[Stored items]
^^^^^^^^
(* Let $L$ be a Lie algebra over a field $F$ generated by elements $a_1,\dots,a_m$ such that every element of the Lie set $S\langle a_1,\dots,a_m\rangle$ is ad-nilpotent. Let $I$ be an ideal of $L$ of finite codimension. Then $I$ is finitely generated as a Lie algebra.
   Context: An element $a\in L$ is ad-nilpotent if $\operatorname{ad}(a):x\mapsto[x,a]$ is a nilpotent operator on $L$. $S\langle a_1,\dots,a_m\rangle$ is the smallest subset of $L$ containing $a_1,\dots,a_m$ and closed under the bracket, i.e. the set of the $a_i$ and all iterated commutators in them. *)

theory Defs
  imports Main "HOL.Vector_Spaces"
begin

text \<open>A Lie algebra over a field: the whole type 'a is the underlying vector space
(with scalar multiplication scale over the field 'f) and br is the Lie bracket.\<close>

locale lie_algebra = vector_space scale
  for scale :: "'f::field \<Rightarrow> 'a::ab_group_add \<Rightarrow> 'a" +
  fixes br :: "'a \<Rightarrow> 'a \<Rightarrow> 'a"
  assumes br_add_left: "br (x + y) z = br x z + br y z"
    and br_add_right: "br x (y + z) = br x y + br x z"
    and br_scale_left: "br (scale c x) y = scale c (br x y)"
    and br_scale_right: "br x (scale c y) = scale c (br x y)"
    and br_alt: "br x x = 0"
    and jacobi: "br x (br y z) + br y (br z x) + br z (br x y) = 0"

definition ad_nilpotent :: "('a \<Rightarrow> 'a \<Rightarrow> 'a) \<Rightarrow> 'a::zero \<Rightarrow> bool" where
  "ad_nilpotent br a \<longleftrightarrow> (\<exists>n. \<forall>x. ((\<lambda>y. br y a) ^^ n) x = 0)"

inductive_set lie_set :: "('a \<Rightarrow> 'a \<Rightarrow> 'a) \<Rightarrow> 'a set \<Rightarrow> 'a set"
  for br :: "'a \<Rightarrow> 'a \<Rightarrow> 'a" and A :: "'a set" where
  gen: "a \<in> A \<Longrightarrow> a \<in> lie_set br A"
| brk: "x \<in> lie_set br A \<Longrightarrow> y \<in> lie_set br A \<Longrightarrow> br x y \<in> lie_set br A"

definition lie_subalg :: "('f::field \<Rightarrow> 'a::ab_group_add \<Rightarrow> 'a) \<Rightarrow> ('a \<Rightarrow> 'a \<Rightarrow> 'a) \<Rightarrow> 'a set \<Rightarrow> 'a set" where
  "lie_subalg scale br A =
     \<Inter>{S. A \<subseteq> S \<and> module.subspace scale S \<and> (\<forall>x\<in>S. \<forall>y\<in>S. br x y \<in> S)}"

definition lie_ideal :: "('f::field \<Rightarrow> 'a::ab_group_add \<Rightarrow> 'a) \<Rightarrow> ('a \<Rightarrow> 'a \<Rightarrow> 'a) \<Rightarrow> 'a set \<Rightarrow> bool" where
  "lie_ideal scale br I \<longleftrightarrow> module.subspace scale I \<and> (\<forall>x\<in>I. \<forall>a. br x a \<in> I)"

text \<open>I has finite codimension: L/I is finite dimensional, i.e. finitely many
vectors together with I span L.\<close>
definition finite_codim :: "('f::field \<Rightarrow> 'a::ab_group_add \<Rightarrow> 'a) \<Rightarrow> 'a set \<Rightarrow> bool" where
  "finite_codim scale I \<longleftrightarrow> (\<exists>B. finite B \<and> module.span scale (I \<union> B) = UNIV)"

end

theory Submission
  imports Defs
begin

text \<open>Choose finitely many elements \<open>B\<close> of the Lie set spanning \<open>L\<close> modulo \<open>I\<close>, a
projection \<open>p\<close> onto \<open>I\<close> along \<open>span B\<close>, and exponents \<open>n b\<close> with \<open>ad(b)^(n b) = 0\<close>.
Let \<open>X\<close> consist of the \<open>p\<close>-images of the generators and of the brackets \<open>[b,b']\<close>, and let
\<open>M\<close> be generated by the finitely many \<open>[x,b\<^sub>1,\<dots>,b\<^sub>k] = ad_word x [b\<^sub>1,\<dots>,b\<^sub>k]\<close> with
\<open>x \<in> X\<close> and \<open>k \<le> \<Sum>b. n b\<close>. By the Jacobi identity and \<open>[b,b'] \<in> X + span B\<close>, swapping
two adjacent letters changes \<open>[x,b\<^sub>1,\<dots>,b\<^sub>k]\<close> only by elements built from shorter words; a
long word contains some \<open>b\<close> at least \<open>n b\<close> times, and moving these copies to the end
yields \<open>0\<close>. So all such commutators lie in \<open>M\<close>, hence \<open>M\<close> is stable under \<open>ad(span B)\<close>,
and \<open>M + span B\<close> is a subalgebra containing the generators, i.e. everything. Thus
\<open>I = M + (I \<inter> span B)\<close>, and a basis of the finite-dimensional \<open>I \<inter> span B\<close> completes the
generators of \<open>M\<close> to a finite generating set of \<open>I\<close>.\<close>

lemma pigeonhole_count_list:
  assumes "finite B" "set w \<subseteq> B" "sum f B < length w"
  shows "\<exists>s\<in>B. f s < count_list w s"
proof (rule ccontr)
  assume "\<not> ?thesis"
  then have "sum (count_list w) B \<le> sum f B" by (intro sum_mono) auto
  then show False using sum_count_set[OF assms(2,1)] assms(3) by simp
qed

context lie_algebra
begin

lemma br_zero_left [simp]: "br 0 y = 0"
  using br_scale_left[of 0 0 y] by simp

lemma br_zero_right [simp]: "br y 0 = 0"
  using br_scale_right[of y 0 0] by simp

lemma br_neg_left: "br (- x) y = - br x y"
  using br_add_left[of x "- x" y] by (simp add: eq_neg_iff_add_eq_0 add.commute)

lemma br_diff_left: "br (x - y) z = br x z - br y z"
  using br_add_left[of x "- y" z] by (simp add: br_neg_left)

lemma br_anticomm: "br x y = - br y x"
proof -
  have "br x y + br y x = br (x + y) (x + y)"
    unfolding br_add_left br_add_right by (simp add: br_alt)
  then have "br x y + br y x = 0"
    by (simp add: br_alt)
  then show ?thesis by (simp add: eq_neg_iff_add_eq_0)
qed

lemma br_leibniz: "br (br x y) s = br (br x s) y + br x (br y s)"
  using jacobi[of x y s] br_anticomm[of s "br x y"] br_anticomm[of y "br s x"] br_anticomm[of s x]
  by (simp add: br_neg_left algebra_simps)

lemma br_commutator_right: "br (br z a) b - br (br z b) a = br z (br a b)"
  using br_leibniz[of z a b] by (simp add: algebra_simps)

lemma subspace_br_left_vimage: "subspace V \<Longrightarrow> subspace {x. br x b \<in> V}"
  unfolding subspace_def by (simp add: br_add_left br_scale_left)

lemma subspace_br_right_vimage: "subspace V \<Longrightarrow> subspace {x. br b x \<in> V}"
  unfolding subspace_def by (simp add: br_add_right br_scale_right)

lemma br_span_mem:
  assumes V: "subspace V" and PQ: "\<And>a b. a \<in> P \<Longrightarrow> b \<in> Q \<Longrightarrow> br a b \<in> V"
    and x: "x \<in> span P" and y: "y \<in> span Q"
  shows "br x y \<in> V"
proof -
  have "br x b \<in> V" if "b \<in> Q" for b
    using span_minimal[OF _ subspace_br_left_vimage[OF V, of b]] PQ that x by blast
  then show ?thesis
    using span_minimal[OF _ subspace_br_right_vimage[OF V, of x]] y by blast
qed

definition ad_word :: "'a \<Rightarrow> 'a list \<Rightarrow> 'a" where
  "ad_word z w = foldl br z w"

lemma ad_word_simps [simp]:
  "ad_word z [] = z"
  "ad_word z (s # w) = ad_word (br z s) w"
  "ad_word z (u @ v) = ad_word (ad_word z u) v"
  by (simp_all add: ad_word_def)

lemma ad_word_zero [simp]: "ad_word 0 w = 0"
  by (induction w) simp_all

lemma ad_word_add: "ad_word (z1 + z2) w = ad_word z1 w + ad_word z2 w"
  by (induction w arbitrary: z1 z2) (simp_all add: br_add_left)

lemma ad_word_scale: "ad_word (scale c z) w = scale c (ad_word z w)"
  by (induction w arbitrary: z) (simp_all add: br_scale_left)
^^^^^^^^
_Aim of the task_:
Please transcribe exactly the lines above from the line that has "then show ?thesis by" up to and including the line that has "by (induction w arbitrary: z1"; no other line belongs in the answer.

_Solution for this exercise_:
  then show ?thesis by (simp add: eq_neg_iff_add_eq_0)
qed

lemma br_leibniz: "br (br x y) s = br (br x s) y + br x (br y s)"
  using jacobi[of x y s] br_anticomm[of s "br x y"] br_anticomm[of y "br s x"] br_anticomm[of s x]
  by (simp add: br_neg_left algebra_simps)

lemma br_commutator_right: "br (br z a) b - br (br z b) a = br z (br a b)"
  using br_leibniz[of z a b] by (simp add: algebra_simps)

lemma subspace_br_left_vimage: "subspace V \<Longrightarrow> subspace {x. br x b \<in> V}"
  unfolding subspace_def by (simp add: br_add_left br_scale_left)

lemma subspace_br_right_vimage: "subspace V \<Longrightarrow> subspace {x. br b x \<in> V}"
  unfolding subspace_def by (simp add: br_add_right br_scale_right)

lemma br_span_mem:
  assumes V: "subspace V" and PQ: "\<And>a b. a \<in> P \<Longrightarrow> b \<in> Q \<Longrightarrow> br a b \<in> V"
    and x: "x \<in> span P" and y: "y \<in> span Q"
  shows "br x y \<in> V"
proof -
  have "br x b \<in> V" if "b \<in> Q" for b
    using span_minimal[OF _ subspace_br_left_vimage[OF V, of b]] PQ that x by blast
  then show ?thesis
    using span_minimal[OF _ subspace_br_right_vimage[OF V, of x]] y by blast
qed

definition ad_word :: "'a \<Rightarrow> 'a list \<Rightarrow> 'a" where
  "ad_word z w = foldl br z w"

lemma ad_word_simps [simp]:
  "ad_word z [] = z"
  "ad_word z (s # w) = ad_word (br z s) w"
  "ad_word z (u @ v) = ad_word (ad_word z u) v"
  by (simp_all add: ad_word_def)

lemma ad_word_zero [simp]: "ad_word 0 w = 0"
  by (induction w) simp_all

lemma ad_word_add: "ad_word (z1 + z2) w = ad_word z1 w + ad_word z2 w"
  by (induction w arbitrary: z1 z2) (simp_all add: br_add_left)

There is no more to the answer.